RNG is best kept to a minimum.
hoooo boyyy. Not with this game.
So, if I can take a minute to go over my design philosophy here, there's two big problems with traditional RNG generation:
Very boring generation. Sure it looks cool at first but eventually you start to see the same things over and over with maybe palette swaps or rearranged pieces. One huge issue is RNG "exploration" games that have a distinct lack of things to actually discover.
Giving the player way too much freedom and/or throwing too many choices at the player all at once. Just because it's an infinite open world doesn't mean you can't constrain things to make areas or experiences feel unique.
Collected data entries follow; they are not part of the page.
lemma arens_kappa_right_identity:
  assumes "\<forall>\<mu>. \<mu> * e = \<mu>"
  shows "arens m (arens (kappa e) n) = arens m n"
proof -
  have "dual_act (dual_act h \<mu>) e = dual_act h \<mu>" for h \<mu>
    by (rule blinfun_eqI) (simp add: mult.assoc[symmetric] assms)
  then have "bidual_act (arens (kappa e) n) h = bidual_act n h" for h
    by (intro blinfun_eqI) simp
  then show ?thesis
    by (intro blinfun_eqI) simp
qed

lemma wstar_topspace [simp]: "topspace wstar = UNIV"
  unfolding wstar_def topology_generated_by_topspace by blast

lemma openin_wstar_evaluation_preimage:
  "open U \<Longrightarrow> openin wstar {n. blinfun_apply n h \<in> U}"
  unfolding wstar_def by (blast intro: topology_generated_by_Basis)

lemma continuous_map_wstar_evaluation: "continuous_map wstar euclidean (\<lambda>n. blinfun_apply n h)"
  by (simp add: continuous_map openin_wstar_evaluation_preimage)

lemma continuous_map_into_wstar:
  fixes f :: "'x \<Rightarrow> ('a::real_normed_vector \<Rightarrow>\<^sub>L real) \<Rightarrow>\<^sub>L real"
  assumes "\<And>h. continuous_map X euclidean (\<lambda>x. blinfun_apply (f x) h)"
  shows "continuous_map X wstar f"
  unfolding wstar_def
proof (rule continuous_on_generated_topo)
  fix V :: "(('a \<Rightarrow>\<^sub>L real) \<Rightarrow>\<^sub>L real) set"
  assume "V \<in> {{n. blinfun_apply n h \<in> U} | h U. open U}"
  then obtain h U where V: "V = {n. blinfun_apply n h \<in> U}" and "open U"
    by blast
  then have "openin X {x \<in> topspace X. blinfun_apply (f x) h \<in> U}"
    using assms[of h] by (simp add: continuous_map_def)
  then show "openin X (f -` V \<inter> topspace X)"
    by (simp add: V vimage_def Int_def conj_commute)
next
  show "f ` topspace X \<subseteq> \<Union>{{n. blinfun_apply n h \<in> U} | h U. open U}"
    using wstar_topspace unfolding wstar_def topology_generated_by_topspace by (rule ssubst) simp
qed

lemma continuous_map_wstar_transpose:
  assumes "\<And>n h. blinfun_apply (f n) h = blinfun_apply n (g h)"
  shows "continuous_map wstar wstar f"
  by (rule continuous_map_into_wstar) (simp add: assms continuous_map_wstar_evaluation)

lemma openin_wstar_contains_agreement_set:
  assumes "openin wstar T" and "x \<in> T"
  obtains F where "finite F" and "{n. \<forall>h\<in>F. blinfun_apply n h = blinfun_apply x h} \<subseteq> T"
proof -
  have "generate_topology_on {{n. blinfun_apply n h \<in> U} | h U. open U} T"
    using assms(1) unfolding wstar_def by (rule openin_topology_generated_by)
  then have "\<exists>F. finite F \<and> {n. \<forall>h\<in>F. blinfun_apply n h = blinfun_apply x h} \<subseteq> T"
    using assms(2)
  proof induction
    case (Int S S')
    then obtain F F' where "finite F" "{n. \<forall>h\<in>F. blinfun_apply n h = blinfun_apply x h} \<subseteq> S"
      and "finite F'" "{n. \<forall>h\<in>F'. blinfun_apply n h = blinfun_apply x h} \<subseteq> S'"
      by (meson IntD1 IntD2)
    then show ?case
      by (intro exI[of _ "F \<union> F'"]) auto
  next
    case (UN K)
    then show ?case
      by (meson UnionE Union_upper subset_trans)
  next
    case (Basis S)
    then obtain h U where "S = {n. blinfun_apply n h \<in> U}"
      by blast
    with Basis.prems show ?case
      by (intro exI[of _ "{h}"]) auto
  qed simp
  with that show ?thesis
    by blast
qed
To fix the first problem, there's a lot of layering happening -- RNG isn't happening at the base level but rather at several layers of abstraction above it. So with terrain generation for example, I can't really predict what it will do because I'm randomizing engine parameters rather than the terrain itself. With enemies there's multiple layers of randomization happening -- enemy moves are random, but so are the actual movesets, their weights, and how they change over time.
For the second problem, I hold back. A lot. The amount of enemies you have to deal with at a time, the amount of resources you can access, and so on is very very limited. Highly useful shops are rare. Magic is very rare. What this does is it gives players a reason to experiment and a reason to learn -- instead of wandering around searching for something better you're stuck for quite a while making what you have work. Eventually the world opens up but it takes some work to get there.
But yeah unfortunately limiting RNG just isn't how this game operates at all. There's a lot of fine handcrafting going on, but it's handcrafting of the RNG and the engines surrounding it.
14.) I'm not even going to comment on art and music as that clearly isn't a thing right now.
Might not ever be honestly. I'll definitely stylize it better before launch though. Game art also might not be physically possible because of how things work. There are probably workarounds though.
15.) Keep it simple
Well, not that kind of game ultimately. I've definitely simplified a lot of things over time though -- I try to make things funner rather than more complicated because good depth comes from putting simple pieces together in complex ways rather than doing simple things with complex mechanics.
With combat for example, you swing a weapon, you throw it, you do something with something that's been thrown. That's it. The depth comes from what those actions can do depending on what the enemies and terrain in front of you are like. Weapons are also all somewhat different from each other, but this ties in heavily to the tactical mindset you get into rather than detracting from it -- you're still just swinging a weapon, throwing it or doing something with a thrown weapon.
You get a lot of really difficult choices too -- I think that's really important in games. Have items that serve multiple purposes and force the player to choose between them. Good way to add depth without introducing complex mechanics. Crystals/magic are obviously the worst example, but there are things like extraction as well -- you can only get one material type from an item, so you have to decide whether you want scales or bones or meat or oil from a fish for example. Do you want to complete your bone armor set? Or eat better? Have more lures to experiment with? Make torches or bombs? If those are all goals then you have to decide what you're doing with the fish you caught.
Then there's loot. That nice sword you found, you could use it. Or sell it. But you could also melt it down and try to use that ore for one of your projects. Or alloy it with your existing sword to upgrade it.
Some things go deeper too -- that fish you caught, well sure you could extract scales, bones, etc. But you could also sell it. You could catch two and breed it. You could use it as bait to try to catch rarer fish.
The trick with this kind of thing is making a lot of really robust systems-- they definitely need to be easy to use, but you can't skimp on their potential for some misguided goal of simplicity either. So yeah it's just not that kind of game, it's a kind of game that makes you experiment and think and strategize.